The intruder with bright green eyes

2011-08-18 00:00

IT’S winter. Even though the dogs’ water bowl is totally frozen in the mornings, the midday sun still spoils us, baking down through our T-shirts. The harvest is over and trucks laden with mielies slug their way to the silos nearby. We can hear their brakes slowing down their heavy load just in front of the farm gate.

It’s winter and this year it brings with it a creature from the outers. We have never seen her here before. We have never seen anyone here before actually. Not anyone that we haven’t invited anyway. When I first got here I asked Renette, who also lives on this road, whether they had ever had intruders. “No,” she answered. “We have been here four years and in all that time someone has only ever come to the farm once.”

“And they were just taking a chance and looking for any trouble they could make?” I asked.

“Oh no!” she was slightly shocked. “He just wanted some water.”

This intruder also wanted water. I gave it to her. I also gave her food. She was skin and bones and danced on her paws — a death dance. It was as though she was too scared to touch the Earth, or as though a greater force was lifting her off it, playing with whether her next step should be her last.

When we approached her, she did nothing until she heard our voices. Then she would lope off. Always scared, always hiding, always scavenging.

We moved the food we had set out for her closer to the house. It took her an extra day to find it. Until then she had feasted on the faeces of our healthy dogs.

Then this morning, Herman sat on the log under the tree in the still-cold morning sun with his coffee. He saw her lying beyond the outhouses. Like a weather vane her head swung round from side to side taking in the smells that the wind brought of the house. Herman moved to get her attention. She did not react. He whistled. Startled, she started up and danced her dance back out of sight through the long yellow grass. But not before raising two bright emerald eyes in his direction.

Bright eyes, green eyes, burnt eyes. Eyes that reflect everything, but see nothing. She lives on the outers with only her smell and her hearing.

Then this morning: “The big dog is dead! The big dog is dead!” Pippa chants, enjoying the alliteration.

Somehow she had crept into the yard in the early hours of this morning. She must have been trying to get in all night, as our dogs barked ceaselessly until Herman did what he vowed never to do in this cut-throat land of ours. He got out of bed at 4 o’clock and went outside with a torch to see what the fuss was about.

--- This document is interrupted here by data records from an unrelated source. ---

definition taut :: "('ag, 'x, 'c) fm \<Rightarrow> bool" where
  "taut a \<longleftrightarrow> (\<forall>v. peval v a)"

inductive derivable :: "'x set \<Rightarrow> ('x \<Rightarrow> 'c set) \<Rightarrow> ('ag::finite, 'x, 'c) fm \<Rightarrow> bool"
  for X D where
  Taut: "wf X D a \<Longrightarrow> taut a \<Longrightarrow> derivable X D a"
| C1: "wf X D a \<Longrightarrow> wf X D b \<Longrightarrow> derivable X D (Imp (Box C (And a b)) (Box C a))"
| C2: "derivable X D (Neg (Box C Bot))"
| C3: "derivable X D (Box C Top)"
| C4: "wf X D a \<Longrightarrow> wf X D b \<Longrightarrow> C \<inter> C' = {} \<Longrightarrow>
        derivable X D (Imp (And (Box C a) (Box C' b)) (Box (C \<union> C') (And a b)))"
| C5: "wf X D a \<Longrightarrow> derivable X D (Imp (Neg (Box {} (Neg a))) (Box UNIV a))"
| Ex: "x \<in> X \<Longrightarrow> set cs = D x \<Longrightarrow> derivable X D (Disj (map (Atom x) cs))"
| Uq: "x \<in> X \<Longrightarrow> c \<in> D x \<Longrightarrow> d \<in> D x \<Longrightarrow> c \<noteq> d \<Longrightarrow>
        derivable X D (Imp (Atom x c) (Neg (Atom x d)))"
| MP: "derivable X D a \<Longrightarrow> derivable X D (Imp a b) \<Longrightarrow> derivable X D b"
| RE: "derivable X D (Iff a b) \<Longrightarrow> derivable X D (Iff (Box C a) (Box C b))"

text \<open>Strategy profiles are total functions 'ag \<Rightarrow> 'a (agents = all of type 'ag).\<close>

definition profile :: "('ag \<Rightarrow> 'a set) \<Rightarrow> ('ag \<Rightarrow> 'a) \<Rightarrow> bool" where
  "profile \<Sigma> \<sigma> \<longleftrightarrow> (\<forall>i. \<sigma> i \<in> \<Sigma> i)"

definition cl_model ::
  "'s set \<Rightarrow> ('ag \<Rightarrow> 'a set) \<Rightarrow> ('s \<Rightarrow> ('ag \<Rightarrow> 'a) \<Rightarrow> 's) \<Rightarrow> ('x \<Rightarrow> 'c \<Rightarrow> 's set) \<Rightarrow> bool" where
  "cl_model S \<Sigma> out V \<longleftrightarrow> S \<noteq> {} \<and> (\<forall>i. \<Sigma> i \<noteq> {}) \<and>
     (\<forall>s\<in>S. \<forall>\<sigma>. profile \<Sigma> \<sigma> \<longrightarrow> out s \<sigma> \<in> S) \<and> (\<forall>x c. V x c \<subseteq> S)"

fun sat :: "('ag \<Rightarrow> 'a set) \<Rightarrow> ('s \<Rightarrow> ('ag \<Rightarrow> 'a) \<Rightarrow> 's) \<Rightarrow> ('x \<Rightarrow> 'c \<Rightarrow> 's set) \<Rightarrow> 's
    \<Rightarrow> ('ag, 'x, 'c) fm \<Rightarrow> bool" where
  "sat \<Sigma> out V s Top = True"
| "sat \<Sigma> out V s (Atom x c) = (s \<in> V x c)"
| "sat \<Sigma> out V s (Neg a) = (\<not> sat \<Sigma> out V s a)"
| "sat \<Sigma> out V s (And a b) = (sat \<Sigma> out V s a \<and> sat \<Sigma> out V s b)"
| "sat \<Sigma> out V s (Box C a) =
     (\<exists>\<alpha>. (\<forall>i\<in>C. \<alpha> i \<in> \<Sigma> i) \<and>
        (\<forall>\<beta>. (\<forall>i\<in>-C. \<beta> i \<in> \<Sigma> i) \<longrightarrow>
           sat \<Sigma> out V (out s (\<lambda>i. if i \<in> C then \<alpha> i else \<beta> i)) a))"

definition coherent :: "'x set \<Rightarrow> ('x \<Rightarrow> 'c set) \<Rightarrow> 's set \<Rightarrow> ('x \<Rightarrow> 'c \<Rightarrow> 's set) \<Rightarrow> bool" where
  "coherent X D S V \<longleftrightarrow> (\<forall>s\<in>S. \<forall>x\<in>X.
     (\<exists>c\<in>D x. s \<in> V x c) \<and> (\<forall>c\<in>D x. \<forall>d\<in>D x. c \<noteq> d \<longrightarrow> s \<in> V x c \<longrightarrow> s \<notin> V x d))"

definition coh_valid :: "'x set \<Rightarrow> ('x \<Rightarrow> 'c set) \<Rightarrow> 's itself \<Rightarrow> 'a itself
    \<Rightarrow> ('ag, 'x, 'c) fm \<Rightarrow> bool" where
  "coh_valid X D TYPE_S TYPE_A a \<longleftrightarrow>
     (\<forall>(S::'s set) (\<Sigma>::'ag \<Rightarrow> 'a set) out V. cl_model S \<Sigma> out V \<and> coherent X D S V \<longrightarrow>
        (\<forall>s\<in>S. sat \<Sigma> out V s a))"

end

theory Submission
  imports Defs "HOL-Library.Countable_Set"
begin

text \<open>For completeness, let \<open>\<chi>\<close> be
  underivable and let \<open>K\<close> consist of the subformulas of \<open>\<chi>\<close> and all atoms \<open>p\<^sub>x\<^sup>c\<close>.
  The states of the canonical model are the atoms of \<open>K\<close>: consistent sets deciding every
  formula of \<open>K\<close>. A strategy is a pair of numbers. With the first one an agent votes for a
  formula \<open>[C]\<phi>\<close> of the current state, and \<open>\<phi>\<close> is required of the successor once all of \<open>C\<close>
  vote for it; moreover \<open>\<not>\<phi>\<close> is required whenever \<open>[Ag]\<phi>\<close> fails, which C5 turns into
  \<open>[\<emptyset>]\<not>\<phi>\<close>. The coalitions behind the requirements of one profile are disjoint, so C4 and C2
  make the requirements consistent; by monotonicity (C1, C3) they even stay consistent with
  \<open>\<not>\<psi>\<close> if \<open>[C]\<psi>\<close> fails and only members of \<open>C\<close> vote. The second components, summed modulo
  the number of admissible successors, select the outcome, so that a single agent outside \<open>C\<close>
  can steer to a successor refuting \<open>\<psi>\<close>. The truth lemma then refutes \<open>\<chi>\<close> in this finite
  model, which is finally embedded into the given infinite types of states and strategies.\<close>

section \<open>Soundness\<close>

lemma sat_peval: "peval (sat \<Sigma> out V s) a = sat \<Sigma> out V s a"
  by (induction a) auto

lemma sat_Disj: "sat \<Sigma> out V s (Disj as) \<longleftrightarrow> (\<exists>a\<in>set as. sat \<Sigma> out V s a)"
  by (induction as) (auto simp: Bot_def Or_def)

lemma sat_Imp: "sat \<Sigma> out V s (Imp a b) \<longleftrightarrow> (sat \<Sigma> out V s a \<longrightarrow> sat \<Sigma> out V s b)"
  by (simp add: Imp_def)

lemma sat_Iff: "sat \<Sigma> out V s (Iff a b) \<longleftrightarrow> (sat \<Sigma> out V s a \<longleftrightarrow> sat \<Sigma> out V s b)"
  by (auto simp: Iff_def Imp_def)

lemma cl_model_ex_profile:
  assumes "cl_model S \<Sigma> out V"
  obtains \<sigma> where "\<forall>i. \<sigma> i \<in> \<Sigma> i"
proof -
  have "\<forall>i. \<exists>a. a \<in> \<Sigma> i" using assms by (auto simp: cl_model_def)
  then show ?thesis using that by (metis choice)
qed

He walked out of the garden and up to the graveyard finding nothing. When he came back, he saw a big black shadow creeping around in the garden. It was the dog who lived on the outers.

Our domesticated dogs grew used to her within minutes. Her collapsing form was no threat. We went back to sleep, and she started her final pilgrimage.

When we woke, and the sun warmed her up, her body started shaking as dogs do when they dream. She barked several times, a joyful throaty bark. A bark that belied her aged body. She tried to get up to chase whatever it was that she was pursuing in her dementia. But her body was older, much, much older than her dreaming form, and she fell to the ground again.

None of us could get on with our work for the day. Intermittently, all of us, children, adults and dogs, would go and look at her. On all fours, she had been so big that Tant Sarie had thought from a distance that we had bought a calf. Now, in her collapsed form I could barely see her outline above the short wild grass. I had to control the gag that would well up if I studied her emaciation too closely.

And then she went.

And she took with her all the love that we had wanted to pour into her. The love that we hoped would fill out her body, and bring her wild self just a little bit closer to us, for just a few more years.

We had sight of her for only a week, yet we are lost without her.